Aprovecho el receso de la Pepa y la Manuela para añadir alguna tontería más a las que ya he dicho.
El punto de perfecto equilibrio (y en ese sentido, la verdadera edad de oro de la ópera, aunque no esté nada de moda decirlo) entre todas las cosas que han ascendido exponencialmente desde 1950 (fundamentalmente, la preparación musical y la "estetificación" de la ópera -cómo me encanta inventarme palabras-) y todas las que se han desplomado desde entonces (fundamentalmente, la cobertura del pasaje y la personalidad artística) fueron los años 70. Divos con arrolladora personalidad musical (y, aún, espléndida técnica), batutas que asumían los timones de las partituras y se comprendían mediadores entre la creación y el oyente (y no entre el divo y el oyente, a quien se debía dar una referencia armónica y no molestar, ni tampoco entre el escenario y el oyente), interés musicológico, integridad de partituras, democratización de la ópera mediante el LP, estética avanzada pero muy cuidadosa de no impedir ni sustituir el discurso musical, divas gordas y divas delgadas, público mucho más formado que veinte años antes y mucho menos instagr-sobreinformado que treinta después (y de una experiencia mucho más pausada del conocimiento de un título, mayormente por lo que costaban los LPs, lo que, si bien abría el riesgo del dogmatismo, cerraba absolutramente el de la superficialidad). Por eso, allá se maten distefanistas vs carsenistas por un palmo más de tierra, que mientras tenga mis discos en vivo de la Caballé y mis vídeos de la Scotto, a mí me la maravillosooooo todo lo demás. (El chiste lo conocen, verdad?)
Pero por la parte que me toca (porque, aunque no sea mi profesión, dedico muchas horas a la semana con muchas otras personas a hacer música y no toco precisamente la zambomba), hay una parte de mí que se rebela contra esto de la crisis de voces y la edad de hojalata.

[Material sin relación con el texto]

(* Let the radius distribution $f$ belong to $\mathrm{RV}_{-1}$. Then there exists $a^*>0$ such that $$\lim_{n\to\infty}\mathbb{P}(T_nf(n)\le a^* )=1.$$
   Context: Covering process: $R$ takes values in $\{1,2,\dots\}$, $f(r)=\mathbb{P}(R\ge r)$ for real $r\ge1$. On $\mathbb{Z}/n\mathbb{Z}$, let $(R_k)$ be i.i.d. copies of $R$, $(U_k)$ i.i.d. uniform on $\mathbb{Z}/n\mathbb{Z}$, independent; $\mathcal{O}_k=\{U_k,\dots,U_k+R_k-1\}$ (mod $n$), $C_0=\emptyset$, $C_k=C_{k-1}\cup\mathcal{O}_k$; with an independent rate-one Poisson process $N(t)$, $X_t=C_{N(t)}$ and $T_n=\inf\{t:X_t=\mathbb{Z}/n\mathbb{Z}\}$. $U\in\mathrm{RV}_p$ means $\lim_{x\to\infty}U(xt)/U(x)=t^p$ for all $t>0$. *)

theory Defs
  imports "HOL-Probability.Probability"
begin

text \<open>Arc \<open>O = {u, u+1, ..., u+r-1}\<close> in Z/nZ, with Z/nZ represented by \<open>{0..<n}\<close>.\<close>
definition arc :: "nat \<Rightarrow> nat \<Rightarrow> nat \<Rightarrow> nat set" where
  "arc n u r = {(u + j) mod n | j. j < r}"

text \<open>Law of the covered set \<open>C_k\<close>: \<open>C_0 = {}\<close>, \<open>C_k = C_(k-1) \<union> O_k\<close>, where
  \<open>O_k\<close> is the arc started at an independent uniform point \<open>U_k\<close> of Z/nZ with an
  independent length \<open>R_k\<close> distributed as \<open>R\<close>.\<close>
fun cover_pmf :: "nat pmf \<Rightarrow> nat \<Rightarrow> nat \<Rightarrow> nat set pmf" where
  "cover_pmf R n 0 = return_pmf {}"
| "cover_pmf R n (Suc k) =
     bind_pmf (cover_pmf R n k) (\<lambda>C.
     bind_pmf (pmf_of_set {..<n}) (\<lambda>u.
     bind_pmf R (\<lambda>r. return_pmf (C \<union> arc n u r))))"

text \<open>Law of \<open>X_t = C_(N(t))\<close>, with \<open>N\<close> an independent rate-one Poisson process
  (so \<open>N(t)\<close> is Poisson(t), and \<open>N(0) = 0\<close>).\<close>
definition X_pmf :: "nat pmf \<Rightarrow> nat \<Rightarrow> real \<Rightarrow> nat set pmf" where
  "X_pmf R n t = (if t = 0 then cover_pmf R n 0
                  else bind_pmf (poisson_pmf t) (cover_pmf R n))"

text \<open>\<open>P(T_n \<le> t)\<close> for \<open>t \<ge> 0\<close>. Since \<open>X_t\<close> is nondecreasing and right-continuous
  (piecewise constant) in \<open>t\<close>, \<open>T_n \<le> t\<close> iff \<open>X_t = Z/nZ\<close>.\<close>
definition cover_time_le :: "nat pmf \<Rightarrow> nat \<Rightarrow> real \<Rightarrow> real" where
  "cover_time_le R n t = measure_pmf.prob (X_pmf R n t) {{..<n}}"

definition radius_tail :: "nat pmf \<Rightarrow> real \<Rightarrow> real" where
  "radius_tail R r = measure_pmf.prob R {k. real k \<ge> r}"

definition regularly_varying :: "real \<Rightarrow> (real \<Rightarrow> real) \<Rightarrow> bool" where
  "regularly_varying p U \<longleftrightarrow>
     (\<forall>t>0. ((\<lambda>x. U (x * t) / U x) \<longlongrightarrow> t powr p) at_top)"

end

theory Submission
  imports Defs "HOL-Real_Asymp.Real_Asymp"
begin

(* A point z is a gap of C if z is uncovered and z + 1 is covered; a set C \<noteq> Z/nZ is either
   empty or has a gap. An arc misses a fixed point with probability 1 - q, where
   q = E min(R, n) / n, and creates at most one new gap, at the predecessor of its start
   point. Following the expected number of gaps through k arcs and Poissonizing gives
   P(T_n > t) \<le> exp(-t p) + t p exp(-t q) with p = P(R \<ge> 1). Shrinking radii only delays
   coverage, so R may be replaced by its truncation at n / 2^M (smaller radii become 0):
   then p = f(n / 2^M) and q \<ge> \<Sum>i<M. f(n / 2^(i+1)) / 2^(i+2). For f in RV_{-1} and
   t = 4 / f(n) the bound tends to exp(-4 2^M) + 4 2^M exp(-2M) as n \<rightarrow> \<infinity>, which is
   arbitrarily small for large M. *)

lemma arc_subset_lessThan: "0 < n \<Longrightarrow> arc n u r \<subseteq> {..<n}"
  by (auto simp: arc_def)

lemma arc_mono: "r' \<le> r \<Longrightarrow> arc n u r' \<subseteq> arc n u r"
  by (auto simp: arc_def)

lemma arc_eq_empty_iff: "0 < n \<Longrightarrow> arc n u r = {} \<longleftrightarrow> r = 0"
  by (auto simp: arc_def)

definition arc_offset :: "nat \<Rightarrow> nat \<Rightarrow> nat \<Rightarrow> nat" where
  "arc_offset n u z = (if u \<le> z then z - u else z + n - u)"

lemma arc_offset_less: "z < n \<Longrightarrow> arc_offset n u z < n"
  by (auto simp: arc_offset_def)

lemma arc_offset_involution: "u < n \<Longrightarrow> z < n \<Longrightarrow> arc_offset n (arc_offset n u z) z = u"
  by (auto simp: arc_offset_def)

lemma add_arc_offset_mod: "u < n \<Longrightarrow> z < n \<Longrightarrow> (u + arc_offset n u z) mod n = z"
  by (auto simp: arc_offset_def)

lemma mem_arc_iff:
  assumes "u < n" "z < n"
  shows "z \<in> arc n u r \<longleftrightarrow> arc_offset n u z < r"
proof
  assume "z \<in> arc n u r"
  then obtain j where j: "j < r" "z = (u + j) mod n" by (auto simp: arc_def)
  then have "(u + j) mod n = (u + arc_offset n u z) mod n"
    using add_arc_offset_mod assms by simp
  then have "j mod n = arc_offset n u z mod n"
    using nat_mod_eq_iff by auto
  then have "j mod n = arc_offset n u z"
    using arc_offset_less[OF assms(2)] by simp
  then show "arc_offset n u z < r" using j by (metis mod_less_eq_dividend order.strict_trans1)
next
  assume "arc_offset n u z < r"
  with add_arc_offset_mod[OF assms] show "z \<in> arc n u r" by (force simp: arc_def)
qed

lemma card_arcs_containing:
  assumes "z < n"
  shows "card {u \<in> {..<n}. z \<in> arc n u r} = min r n"
proof -
  have "{u \<in> {..<n}. z \<in> arc n u r} = (\<lambda>d. arc_offset n d z) ` {..<min r n}"
  proof (intro equalityI subsetI)
    fix u assume "u \<in> {u \<in> {..<n}. z \<in> arc n u r}"
    with assms show "u \<in> (\<lambda>d. arc_offset n d z) ` {..<min r n}"
      by (intro image_eqI[of _ _ "arc_offset n u z"])
         (auto simp: mem_arc_iff arc_offset_involution arc_offset_less)
  next
    fix u assume "u \<in> (\<lambda>d. arc_offset n d z) ` {..<min r n}"
    with assms show "u \<in> {u \<in> {..<n}. z \<in> arc n u r}"
      by (auto simp: mem_arc_iff arc_offset_involution arc_offset_less)
  qed
  moreover have "inj_on (\<lambda>d. arc_offset n d z) {..<min r n}"
    by (rule inj_on_inverseI[where g = "\<lambda>u. arc_offset n u z"])
       (use assms in \<open>auto simp: arc_offset_involution\<close>)
  ultimately show ?thesis by (simp add: card_image)
qed

lemma card_arcs_avoiding:
  assumes "z < n"
  shows "card {u \<in> {..<n}. z \<notin> arc n u r} = n - min r n"
proof -
  have "{u \<in> {..<n}. z \<notin> arc n u r} = {..<n} - {u \<in> {..<n}. z \<in> arc n u r}" by auto
  also have "card \<dots> = card {..<n} - card {u \<in> {..<n}. z \<in> arc n u r}"
    by (rule card_Diff_subset) auto
  finally show ?thesis using card_arcs_containing[OF assms] by simp
qed

section \<open>Gaps\<close>

definition gaps :: "nat \<Rightarrow> nat set \<Rightarrow> nat set" where
  "gaps n C = {z \<in> {..<n}. z \<notin> C \<and> Suc z mod n \<in> C}"

lemma finite_gaps [simp]: "finite (gaps n C)"
  by (simp add: gaps_def)

lemma gaps_nonempty:
  assumes "C \<subseteq> {..<n}" "C \<noteq> {}" "C \<noteq> {..<n}"
  shows "gaps n C \<noteq> {}"
proof
  assume no_gaps: "gaps n C = {}"
  obtain x where x: "x < n" "x \<notin> C" using assms by auto
  obtain y where y: "y \<in> C" using assms by auto
  have "(x + d) mod n \<notin> C" for d
  proof (induction d)
    case 0 then show ?case using x by simp
  next
    case (Suc d)
    have "(x + d) mod n < n" using x by simp
    then have "Suc ((x + d) mod n) mod n \<notin> C"
      using Suc no_gaps unfolding gaps_def by blast
    then show ?case by (simp add: mod_Suc_eq)
  qed
  from this[of "y + n - x"] show False using x y assms(1) by auto
qed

Porque, efectivamente, el pasaje cada vez se cubre peor y afloran, sobre todo en hombres, los sonidos leñosos, agudos descolocados, voces tragadas, musculares o tirantes, etc., y ello perjudica directamente el legato, que es la base fundamental de la ópera italiana y que hace padecer a la misma una crisis como no conocía desde que se puede grabar el sonido, y todo ello es trágico (como lo fue, por otro lado, la pérdida de la escuela francesa de fusionar imperceptiblemente la voz de pecho con la de cabeza, desde que un buen día alguien decidió -muy tenorilmente, por otro lado- que la cabeza no valía para nada). Pero hay un género musical que vive una edad no ya de oro, sino de platino iridiado de 3.000.000 kilates y ribetes de kryptonita: la música coral a capella. Europa (y el mundo) tienen hoy una cantidad ingente de espléndidos coros capaces de montar obras de una enorme complejidad musical con unos niveles de belleza, empaste, unión, matices, reguladores, brillantez, limpieza de sonido y (no menos importante) comunicatividad, inimaginables hace 15 años. Y ello también tiene su complejidad técnica-vocal, por la esencia grupal de esa experiencia artística y la necesidad de que todo suene sin que nada sobresalga. Es un mundo que tenemos tal privilegio de poder vivir que, desde luego, yo no estoy dispuesto a perdérmelo por el hecho de que cada vocal de Jonas Kaufmann esté en un sitio.
Finalmente, opino que la ausencia de grandes cantaoras de copla en la actualidad (que las que más han podido ya andan por los 60) es asemejable a la brutal resaca post-Rossini Renaissance que hemos vivdo recientemente, tras los fastos copleros de la generación de los 80 (con la diferencia de que a la copla le falta un Juan Diego Flórez capaz de maquillar un género entero y crear por sí solo la ilusión de que la crisis no es tal).
_________________ Die Wahrheit ist bei mir, Mandryka.